Author : David J Hand
Publisher : World Scientific
Page : 261 pages
File Size : 49,98 MB
Release : 2004-07-06
Category : Mathematics
ISBN : 1783260696
John Nelder was one of the most influential statisticians of his generation, having made an impact on many parts of the discipline. This book contains reviews of some of those areas, written by top researchers. It is accessible to non-specialists, and is noteworthy for its breadth of coverage.
Author : Herbert K. H. Lee
Publisher : SIAM
Page : 106 pages
File Size : 11,65 MB
Release : 2004-01-01
Category : Mathematics
ISBN : 9780898718423
Bayesian Nonparametrics via Neural Networks is the first book to focus on neural networks in the context of nonparametric regression and classification, working within the Bayesian paradigm. Its goal is to demystify neural networks, putting them firmly in a statistical context rather than treating them as a black box. This approach is in contrast to existing books, which tend to treat neural networks as a machine learning algorithm instead of a statistical model.

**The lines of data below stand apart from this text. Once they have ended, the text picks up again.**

(* There exist constants $m_0\in\mathbb N$ and $C>0$ such that for all $n$, all $m>m_0$ and all $p\in(0,1)$ with $mp^3\le1$, $$\|\bar g_1\ast_1^0\bar g_1\|_2^2\le C\big(mp^5e^{-4mp^2}+(mp^3)^2e^{-4mp^2}\big),$$ $$\|\bar g_2\ast_1^1\bar g_2\|_2^2\le C\big(mp^4e^{-4mp^2}+(mp^3)^2e^{-4mp^2}\big),$$ $$\|\bar g_2\ast_1^1\bar g_1\|_2^2\le C\big(mp^5e^{-4mp^2}+(mp^3)^2e^{-4mp^2}\big).$$
   Context: $\mu_{m,p}$ is the measure on $\{0,1\}^m$ with $\mu_{m,p}(x)=p^{|x|}(1-p)^{m-|x|}$, $|x|=\sum_ix_i$; norms are $L^2$ norms with respect to products of $\mu_{m,p}$. $g:\{0,1\}^m\times\{0,1\}^m\to\{0,1\}$, $g(x,y)=1$ if $x_i=y_i=1$ for some $i$ and $0$ otherwise; $g_1(x)=\int g(x,y)\,d\mu_{m,p}(y)$; $\hat p=1-(1-p^2)^m$; $\bar g_2=g-\hat p$, $\bar g_1=g_1-\hat p$. Contraction: for $f$ on $(\{0,1\}^m)^k$, $h$ on $(\{0,1\}^m)^l$, $0\le a\le b\le k\wedge l$: $f\ast_b^ah(x_1,\ldots,x_{b-a},y_1,\ldots,y_{k-b},z_1,\ldots,z_{l-b})=\int_{(\{0,1\}^m)^a}f(w,x,y)h(w,x,z)\,d\mu_{m,p}^{\otimes a}(w)$. *)

theory Defs
  imports Complex_Main
begin

text \<open>A point x of {0,1}^m is represented by its support {i. x_i = 1}, a subset of {..<m}.\<close>

definition cube :: "nat \<Rightarrow> nat set set" where
  "cube m = Pow {..<m}"

definition mu :: "nat \<Rightarrow> real \<Rightarrow> nat set \<Rightarrow> real" where
  "mu m p x = p ^ card x * (1 - p) ^ (m - card x)"

definition tuples :: "nat \<Rightarrow> nat \<Rightarrow> nat set list set" where
  "tuples m j = {v. length v = j \<and> set v \<subseteq> cube m}"

definition integ :: "nat \<Rightarrow> real \<Rightarrow> nat \<Rightarrow> (nat set list \<Rightarrow> real) \<Rightarrow> real" where
  "integ m p j F = (\<Sum>v\<in>tuples m j. (\<Prod>i<j. mu m p (v ! i)) * F v)"

definition normsq :: "nat \<Rightarrow> real \<Rightarrow> nat \<Rightarrow> (nat set list \<Rightarrow> real) \<Rightarrow> real" where
  "normsq m p j F = integ m p j (\<lambda>v. (F v)\<^sup>2)"

text \<open>Contraction f *_b^a h for f on ({0,1}^m)^k, h on ({0,1}^m)^l; the result is a function
  of (x_1..x_{b-a}, y_1..y_{k-b}, z_1..z_{l-b}), given as one list.\<close>
definition contr :: "nat \<Rightarrow> real \<Rightarrow> nat \<Rightarrow> nat \<Rightarrow> nat \<Rightarrow> nat \<Rightarrow>
    (nat set list \<Rightarrow> real) \<Rightarrow> (nat set list \<Rightarrow> real) \<Rightarrow> nat set list \<Rightarrow> real" where
  "contr m p k l a b f h v =
     (let xs = take (b - a) v; ys = take (k - b) (drop (b - a) v); zs = drop (b - a + (k - b)) v
      in integ m p a (\<lambda>w. f (w @ xs @ ys) * h (w @ xs @ zs)))"

definition g :: "nat set \<Rightarrow> nat set \<Rightarrow> real" where
  "g x y = (if x \<inter> y \<noteq> {} then 1 else 0)"

definition g1 :: "nat \<Rightarrow> real \<Rightarrow> nat set \<Rightarrow> real" where
  "g1 m p x = integ m p 1 (\<lambda>v. g x (v ! 0))"

definition phat :: "nat \<Rightarrow> real \<Rightarrow> real" where
  "phat m p = 1 - (1 - p\<^sup>2) ^ m"

definition gbar2 :: "nat \<Rightarrow> real \<Rightarrow> nat set list \<Rightarrow> real" where
  "gbar2 m p v = g (v ! 0) (v ! 1) - phat m p"

definition gbar1 :: "nat \<Rightarrow> real \<Rightarrow> nat set list \<Rightarrow> real" where
  "gbar1 m p v = g1 m p (v ! 0) - phat m p"

end

theory Submission
  imports Defs
begin

(* Every integrand factorizes over the m coordinates, so every norm is a signed sum of m-th powers
   of explicit polynomials in p. Write q = 1 - p and b = 1 - p^2, so that
   b^m = 1 - phat is the mean of q^|x| = prod_i q^(x_i).

   The first norm is the fourth central moment of q^|x|, i.e. b^(4m) times the fourth central moment
   of a product of m independent mean-one factors q^(x_i)/b. Their moments t_j exceed 1 by O(p^3),
   and the combinations t3 - 3 t2 + 2 and t4 - 4 t3 + 6 t2 - 3 are O(p^4) and O(p^5); a recursion in
   the number of factors bounds the central moment by O(m p^5 + (m p^3)^2) (1 + O(p^3))^m.

   The other two norms are (up to the square of a variance) second differences
   A1^m - 2 A2^m + A3^m with A1 - A2 = delta = O(p^3) and A2 - A3 = kappa delta, kappa close to 1;
   the mean value theorem bounds them by A1^m (8 m^2 delta^2 + 2 m delta (1 - kappa)).

   Finally all leading powers are at most (1 - 4 p^2 + 4 p^3)^m <= e^4 e^(-4 m p^2) because
   m p^3 <= 1, and m > 1000 forces p <= 1/10. *)

section \<open>Product measure on the cube\<close>

lemma sum_Pow_prod_mem:
  fixes f :: "'a \<Rightarrow> bool \<Rightarrow> 'b::comm_semiring_1"
  assumes "finite S"
  shows "(\<Sum>X\<in>Pow S. \<Prod>i\<in>S. f i (i \<in> X)) = (\<Prod>i\<in>S. f i True + f i False)"
proof -
  have "(\<Prod>i\<in>S. f i (i \<in> X)) = (\<Prod>i\<in>X. f i True) * (\<Prod>i\<in>S - X. f i False)" if "X \<subseteq> S" for X
    using that assms prod.subset_diff[OF that assms, of "\<lambda>i. f i (i \<in> X)"]
    by (simp add: mult.commute)
  then show ?thesis
    by (simp add: prod_add[OF assms])
qed

lemma prod_if_mem_eq_power:
  assumes "finite S" "X \<subseteq> S"
  shows "(\<Prod>i\<in>S. if i \<in> X then a else b) = a ^ card X * (b::'a::comm_monoid_mult) ^ (card S - card X)"
  using assms by (simp add: prod.If_cases Int_absorb1 card_Diff_subset finite_subset Diff_eq[symmetric])

lemma sum_cube_prod_mem:
  "(\<Sum>x\<in>cube m. \<Prod>i<m. f i (i \<in> x)) = (\<Prod>i<m. f i True + (f i False :: real))"
  unfolding cube_def by (rule sum_Pow_prod_mem) simp

lemma prod_if_mem_cube_eq_power:
  "x \<in> cube m \<Longrightarrow> (\<Prod>i<m. if i \<in> x then a else b) = a ^ card x * (b::real) ^ (m - card x)"
  unfolding cube_def using prod_if_mem_eq_power[of "{..<m}" x a b] by simp

lemma sum_cube_binomial: "(\<Sum>x\<in>cube m. a ^ card x * b ^ (m - card x)) = (a + b :: real) ^ m"
proof -
  have "(\<Sum>x\<in>cube m. a ^ card x * b ^ (m - card x)) = (\<Sum>x\<in>cube m. \<Prod>i<m. if i \<in> x then a else b)"
    by (simp add: prod_if_mem_cube_eq_power)
  also have "\<dots> = (a + b) ^ m"
    using sum_cube_prod_mem[where f="\<lambda>i c. if c then a else b"] by simp
  finally show ?thesis .
qed

lemma sum_mu_power_card: "(\<Sum>x\<in>cube m. mu m p x * c ^ card x) = (p * c + (1 - p)) ^ m"
  by (simp add: mu_def power_mult_distrib mult_ac flip: sum_cube_binomial)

Once this underlying statistical model is recognized, other standard statistical techniques can be applied to improve the model. The Bayesian approach allows better accounting for uncertainty. This book covers uncertainty in model choice and methods to deal with this issue, exploring a number of ideas from statistics and machine learning. A detailed discussion on the choice of prior and new noninformative priors is included, along with a substantial literature review. Written for statisticians using statistical terminology, Bayesian Nonparametrics via Neural Networks will lead statisticians to an increased understanding of the neural network model and its applicability to real-world problems.
Author : Michael A. Arbib
Publisher : MIT Press
Page : 1328 pages
File Size : 26,75 MB
Release : 2003
Category : Neural circuitry
ISBN : 0262011972
This second edition presents the enormous progress made in recent years in the many subfields related to the two great questions : how does the brain work? and, How can we build intelligent machines? This second edition greatly increases the coverage of models of fundamental neurobiology, cognitive neuroscience, and neural network approaches to language. (Midwest).
Author : Herbert K. H. Lee
Publisher : SIAM
Page : 103 pages
File Size : 35,8 MB
Release : 2004-06-01
Category : Mathematics
ISBN : 0898715636
This is the first book to discuss neural networks in a nonparametric regression and classification context, within the Bayesian paradigm.
Author : Jason Brownlee
Publisher : Machine Learning Mastery
Page : 575 pages
File Size : 28,66 MB
Release : 2018-12-13
Category : Computers
ISBN :
Deep learning neural networks have become easy to define and fit, but are still hard to configure. Discover exactly how to improve the performance of deep learning neural network models on your predictive modeling projects. With clear explanations, standard Python libraries, and step-by-step tutorial lessons, you’ll discover how to better train your models, reduce overfitting, and make more accurate predictions.
Author : Michael Irwin Jordan
Publisher : MIT Press
Page : 652 pages
File Size : 41,68 MB
Release : 1999
Category : Computers
ISBN : 9780262600323
Presents an exploration of issues related to learning within the graphical model formalism. This text covers topics such as: inference for Bayesian networks; Monte Carlo methods; variational methods; and learning with Bayesian networks.